(* For $Z\in\mathfrak m_0$, the differential of $P:\mathfrak m_0\to\mathfrak m_0$, $P(Z)=\mathrm{ad}_\Upsilon\mathrm{Ad}_{\exp Z}\Upsilon$, at $Z$ is $dP_Z=S_{JZ}\circ E_Z:\mathfrak m_0\to\mathfrak m_0$, where $E_Z=\sum_{n\ge0}\frac{\mathrm{ad}_Z^{2n}}{(2n+1)!}$ and $S_{Y}=\sum_{n\ge0}\frac{\mathrm{ad}_{Y}^{2n}}{(2n)!}$.
   Context: Let $G$ be a simple complex algebraic group with commuting antiholomorphic involutions $\sigma,\theta$, $G_u=G^\theta$ maximal compact, $G_0=G^\sigma$, $K=G^{\sigma\theta}$, $K_0=K\cap G_0$. $\mathfrak g=\mathfrak k\oplus\mathfrak m$ is the $\pm1$-eigenspace decomposition of $\sigma\theta$, $\mathfrak k_0=\mathfrak k\cap\mathfrak g_0$, $\mathfrak m_0=\mathfrak m\cap\mathfrak g_0$. Assume $G_u/K_0$ is an irreducible Hermitian symmetric space of compact type; $\Upsilon$ is in the center of $\mathfrak k_0$ with $\mathrm{ad}_\Upsilon$ having eigenvalues $\pm i$ on $\mathfrak m$; $J=\mathrm{ad}_\Upsilon|_{\mathfrak m}$ (it preserves $\mathfrak m_0$, and $E_Z$, $S_{JZ}$ preserve $\mathfrak m_0$). *)

theory Defs
  imports "HOL-Analysis.Analysis"
begin

text \<open>Lie algebra conventions: the bracket is a function br, ad_X = br X.
  Ad of exp X acting on Y is the exponential series of ad_X applied to Y.\<close>

definition Ad_exp :: "('a::real_normed_vector \<Rightarrow> 'a \<Rightarrow> 'a) \<Rightarrow> 'a \<Rightarrow> 'a \<Rightarrow> 'a" where
  "Ad_exp br X Y = (\<Sum>n. ((br X) ^^ n) Y /\<^sub>R fact n)"

definition E_op :: "('a::real_normed_vector \<Rightarrow> 'a \<Rightarrow> 'a) \<Rightarrow> 'a \<Rightarrow> 'a \<Rightarrow> 'a" where
  "E_op br Z W = (\<Sum>n. ((br Z) ^^ (2*n)) W /\<^sub>R fact (2*n+1))"

definition S_op :: "('a::real_normed_vector \<Rightarrow> 'a \<Rightarrow> 'a) \<Rightarrow> 'a \<Rightarrow> 'a \<Rightarrow> 'a" where
  "S_op br Y W = (\<Sum>n. ((br Y) ^^ (2*n)) W /\<^sub>R fact (2*n))"

end

theory Submission
  imports Defs
begin

(*
  The exponential series of Ad_exp br X Upsilon is differentiated term by term: on a ball
  around Z the derivatives are dominated by a convergent exponential series. By a Leibniz
  rule, the derivative of ad_X^n Upsilon in direction W is a signed binomial combination of the
  vectors ad_X^(n-1-l) [Upsilon, ad_X^l W]. For X, W in m0 the map ad_X interchanges m0 and k0,
  and J = ad_Upsilon kills k0, so after applying J only the terms with n odd and l even
  survive. On m0 one has ad_(JX)^(2k) = - J ad_X^(2k) J, which turns the surviving terms into
  ad_(JZ)^(2a) ad_Z^(2b) W / ((2a)! (2b+1)!): the derivative series is the Cauchy product of
  the series defining S_(JZ) and E_Z.
*)

lemma convolution_tendsto_zero:
  fixes t r :: "nat \<Rightarrow> real"
  assumes "summable t" "\<And>i. 0 \<le> t i" "r \<longlonglongrightarrow> 0"
  shows "(\<lambda>n. \<Sum>i<n. t i * r (n - i)) \<longlonglongrightarrow> 0"
proof -
  obtain B where B: "\<And>m. norm (r m) \<le> B"
    using convergent_imp_Bseq[OF convergentI[OF assms(3)]] by (auto simp: Bseq_def)
  define a where "a i n = (if i < n then t i * r (n - i) else 0)" for i n
  have "(\<lambda>n. a i n) \<longlonglongrightarrow> 0" for i
  proof -
    have "(\<lambda>n. t i * r (n - i)) \<longlonglongrightarrow> 0"
      using tendsto_mult_right_zero[OF filterlim_compose[OF assms(3) filterlim_minus_const_nat_at_top]] .
    moreover have "\<forall>\<^sub>F n in sequentially. t i * r (n - i) = a i n"
      using eventually_gt_at_top[of i] by eventually_elim (simp add: a_def)
    ultimately show ?thesis by (rule Lim_transform_eventually)
  qed
  moreover have "norm (a i n) \<le> t i * B" for i n
    using B[of "n - i"] assms(2)[of i]
    by (auto simp: a_def abs_mult intro: mult_left_mono order_trans[OF _ B])
  ultimately have "(\<lambda>n. \<Sum>i. a i n) \<longlonglongrightarrow> (\<Sum>i. 0::real)"
    using assms(1)
    by (intro tannerys_theorem[where M="\<lambda>i. t i * B", THEN conjunct2, THEN conjunct2])
      (auto intro: always_eventually summable_mult2)
  moreover have "(\<Sum>i. a i n) = (\<Sum>i<n. t i * r (n - i))" for n
    unfolding a_def by (subst suminf_finite[of "{..<n}"]) auto
  ultimately show ?thesis by simp
qed

lemma sum_Cauchy_product_linear:
  fixes n :: nat
  assumes "\<And>i. linear (T i)"
  shows "(\<Sum>k<n. \<Sum>i\<le>k. T i (v (k - i))) = (\<Sum>i<n. T i (\<Sum>j<n - i. v j))"
proof (induction n)
  case (Suc n)
  have "(\<Sum>i<Suc n. T i (\<Sum>j<Suc n - i. v j)) =
      (\<Sum>i<Suc n. T i (\<Sum>j<n - i. v j) + T i (v (n - i)))"
    by (intro sum.cong refl) (simp add: Suc_diff_le linear_add[OF assms, symmetric])
  also have "\<dots> = (\<Sum>i<n. T i (\<Sum>j<n - i. v j)) + (\<Sum>i\<le>n. T i (v (n - i)))"
    by (simp add: sum.distrib linear_0[OF assms] lessThan_Suc_atMost[symmetric])
  finally show ?case using Suc by simp
qed simp

(* Mertens' theorem: absolute convergence is needed on the side of the operators only. *)
lemma Cauchy_product_sums_linear:
  fixes T :: "nat \<Rightarrow> 'a::real_normed_vector \<Rightarrow> 'b::banach"
  assumes lin: "\<And>i. linear (T i)" and bound: "\<And>i x. norm (T i x) \<le> t i * norm x"
    and "\<And>i. 0 \<le> t i" "summable t" and v: "v sums V"
  shows "(\<lambda>k. \<Sum>i\<le>k. T i (v (k - i))) sums (\<Sum>i. T i V)"
proof -
  define r where "r m = V - (\<Sum>j<m. v j)" for m
  have r: "(\<lambda>m. norm (r m)) \<longlonglongrightarrow> 0"
    using tendsto_diff[OF tendsto_const[of V] v[unfolded sums_def]] unfolding r_def
    by (simp add: tendsto_norm_zero)
  have "summable (\<lambda>i. T i V)"
    by (rule summable_comparison_test'[where N=0 and g="\<lambda>i. t i * norm V"])
      (use assms(4) bound in \<open>auto intro: summable_mult2\<close>)
  then have TV: "(\<lambda>n. \<Sum>i<n. T i V) \<longlonglongrightarrow> (\<Sum>i. T i V)"
    by (rule summable_LIMSEQ)
  have "(\<lambda>n. \<Sum>i<n. T i (r (n - i))) \<longlonglongrightarrow> 0"
  proof (rule tendsto_0_le[where K=1])
    show "(\<lambda>n. \<Sum>i<n. t i * norm (r (n - i))) \<longlonglongrightarrow> 0"
      using convolution_tendsto_zero[OF assms(4,3) r] .
    show "\<forall>\<^sub>F n in sequentially.
        norm (\<Sum>i<n. T i (r (n - i))) \<le> norm (\<Sum>i<n. t i * norm (r (n - i))) * 1"
      by (intro always_eventually allI order_trans[OF norm_sum])
        (auto intro: sum_mono bound simp: assms(3) sum_nonneg)
  qed
  with TV have "(\<lambda>n. (\<Sum>i<n. T i V) - (\<Sum>i<n. T i (r (n - i)))) \<longlonglongrightarrow> (\<Sum>i. T i V)"
    using tendsto_diff by fastforce
  moreover have "(\<Sum>i<n. T i V) - (\<Sum>i<n. T i (r (n - i))) = (\<Sum>k<n. \<Sum>i\<le>k. T i (v (k - i)))"
    for n
    unfolding sum_Cauchy_product_linear[OF lin, where n=n and v=v] r_def
    by (simp add: linear_diff[OF lin] sum_subtractf)
  ultimately show ?thesis unfolding sums_def by simp
qed

lemma uniformly_dominated_series_tail:
  fixes f' :: "nat \<Rightarrow> 'a \<Rightarrow> 'b::real_normed_vector \<Rightarrow> 'c::banach"
  assumes bound: "\<And>n y h. y \<in> S \<Longrightarrow> norm (f' n y h) \<le> M n * norm h"
    and M: "summable M" and e: "e > 0"
  shows "\<forall>\<^sub>F n in sequentially. \<forall>y\<in>S. \<forall>h.
    norm ((\<Sum>i<n. f' i y h) - (\<Sum>i. f' i y h)) \<le> e * norm h"
proof -
  obtain N where N: "\<And>n. n \<ge> N \<Longrightarrow> norm (\<Sum>i. M (i + n)) < e"
    using suminf_exist_split[OF e M] by blast
  have "norm ((\<Sum>i<n. f' i y h) - (\<Sum>i. f' i y h)) \<le> e * norm h" if "n \<ge> N" "y \<in> S" for n y h
  proof -
    have "summable (\<lambda>i. f' i y h)"
      by (rule summable_comparison_test'[where N=0 and g="\<lambda>i. M i * norm h"])
        (use bound[OF \<open>y \<in> S\<close>] M in \<open>auto intro: summable_mult2\<close>)
    then have "norm ((\<Sum>i<n. f' i y h) - (\<Sum>i. f' i y h)) = norm (\<Sum>i. f' (i + n) y h)"
      using suminf_minus_initial_segment[of "\<lambda>i. f' i y h" n] by (simp add: norm_minus_commute)
    also have "\<dots> \<le> (\<Sum>i. M (i + n) * norm h)"
      by (rule norm_suminf_le)
        (use bound[OF \<open>y \<in> S\<close>] M in \<open>auto intro: summable_mult2 simp: summable_iff_shift\<close>)
    also have "\<dots> \<le> e * norm h"
      using N[OF \<open>n \<ge> N\<close>] M
      by (simp add: suminf_mult2[symmetric] summable_iff_shift mult_right_mono)
    finally show ?thesis .
  qed
  then show ?thesis
    unfolding eventually_sequentially by blast
qed

lemma has_derivative_suminf_dominated:
  fixes f :: "nat \<Rightarrow> 'a::real_normed_vector \<Rightarrow> 'b::banach"
  assumes S: "convex S" "open S" "x \<in> S"
    and f': "\<And>n y. y \<in> S \<Longrightarrow> (f n has_derivative f' n y) (at y)"
    and bound: "\<And>n y h. y \<in> S \<Longrightarrow> norm (f' n y h) \<le> M n * norm h"
    and M: "summable M"
    and f: "summable (\<lambda>n. f n x)"
  shows "((\<lambda>y. \<Sum>n. f n y) has_derivative (\<lambda>h. \<Sum>n. f' n x h)) (at x)"
proof -
  have "\<exists>g. \<forall>y\<in>S. (\<lambda>n. f n y) sums g y \<and>
      (g has_derivative (\<lambda>h. \<Sum>n. f' n y h)) (at y within S)"
  proof (rule has_derivative_series[where f=f and f'=f' and g'="\<lambda>y h. \<Sum>n. f' n y h"])
    show "(f n has_derivative f' n y) (at y within S)" if "y \<in> S" for n y
      using f'[OF that] by (rule has_derivative_at_withinI)
  qed (use S uniformly_dominated_series_tail[OF bound M] summable_sums[OF f] in auto)
  then obtain g where
    g: "\<And>y. y \<in> S \<Longrightarrow>
      (\<lambda>n. f n y) sums g y \<and> (g has_derivative (\<lambda>h. \<Sum>n. f' n y h)) (at y within S)"
    by blast
  have "(g has_derivative (\<lambda>h. \<Sum>n. f' n x h)) (at x)"
    using g[OF S(3)] at_within_open[OF S(3,2)] by simp
  then show ?thesis
    by (rule has_derivative_transform_within_open[OF _ S(2,3)]) (use g sums_unique in metis)
qed

lemma has_derivative_within_eq_rhs_on:
  assumes "(f has_derivative f') (at x within S)" "bounded_linear g'"
    and "\<And>y. y \<in> S \<Longrightarrow> f' (y - x) = g' (y - x)"
  shows "(f has_derivative g') (at x within S)"
proof -
  have "\<forall>\<^sub>F y in at x within S. (1 / norm (y - x)) *\<^sub>R (f y - (f x + f' (y - x))) =
      (1 / norm (y - x)) *\<^sub>R (f y - (f x + g' (y - x)))"
    using assms(3) by (auto intro: eventually_at_filter[THEN iffD2] always_eventually)
  moreover have "((\<lambda>y. (1 / norm (y - x)) *\<^sub>R (f y - (f x + f' (y - x)))) \<longlongrightarrow> 0) (at x within S)"
    using assms(1) unfolding has_derivative_within by blast
  ultimately have "((\<lambda>y. (1 / norm (y - x)) *\<^sub>R (f y - (f x + g' (y - x)))) \<longlongrightarrow> 0) (at x within S)"
    by (rule tendsto_cong[THEN iffD1])
  then show ?thesis
    using assms(2) unfolding has_derivative_within by blast
qed

lemma linear_suminf:
  fixes L :: "nat \<Rightarrow> 'a::real_vector \<Rightarrow> 'b::real_normed_vector"
  assumes "\<And>n. linear (L n)" "\<And>x. summable (\<lambda>n. L n x)"
  shows "linear (\<lambda>x. \<Sum>n. L n x)"
proof (rule linearI)
  show "(\<Sum>n. L n (x + y)) = (\<Sum>n. L n x) + (\<Sum>n. L n y)" for x y
    using suminf_add[OF assms(2)[of x] assms(2)[of y]] linear_add[OF assms(1)] by simp
  show "(\<Sum>n. L n (c *\<^sub>R x)) = c *\<^sub>R (\<Sum>n. L n x)" for c x
    using assms by (simp add: linear_scale suminf_scaleR_right)
qed

lemma summable_power_even_fact:
  fixes y :: real
  shows "summable (\<lambda>n. y ^ (2 * n) / fact (2 * n + k))"
proof (rule summable_comparison_test'[where N=0])
  show "summable (\<lambda>n. (y\<^sup>2) ^ n / fact n)"
    using summable_exp_generic[of "y\<^sup>2"] by (simp add: divide_inverse_commute)
  have "fact n \<le> (fact (2 * n + k) :: real)" for n
    by (intro fact_mono) simp
  then show "norm (y ^ (2 * n) / fact (2 * n + k)) \<le> (y\<^sup>2) ^ n / fact n" for n
    by (simp add: power_mult divide_left_mono)
qed

lemma summable_power_pred_fact:
  fixes y :: real
  shows "summable (\<lambda>n. y ^ (n - 1) / fact (n - 1))"
  using summable_exp_generic[of y]
  by (subst summable_Suc_iff[symmetric]) (simp add: divide_inverse_commute)

lemma sum_atMost_even_terms:
  fixes f :: "nat \<Rightarrow> 'a::comm_monoid_add"
  assumes "\<And>l. odd l \<Longrightarrow> f l = 0"
  shows "(\<Sum>l\<le>2 * m. f l) = (\<Sum>c\<le>m. f (2 * c))"
proof -
  have "(\<Sum>l\<le>2 * m. f l) = (\<Sum>l\<le>Suc (2 * m). f l)"
    using assms by simp
  also have "\<dots> = (\<Sum>c\<le>m. f (2 * c) + f (Suc (2 * c)))"
    by (rule sum.in_pairs_0)
  finally show ?thesis
    using assms by simp
qed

○ ○ ○

— Work instructions —
Send back exactly the lines from the line with "c) + f (Suc" through the end of the records.

— Exercise solution —
  also have "\<dots> = (\<Sum>c\<le>m. f (2 * c) + f (Suc (2 * c)))"
    by (rule sum.in_pairs_0)
  finally show ?thesis
    using assms by simp
qed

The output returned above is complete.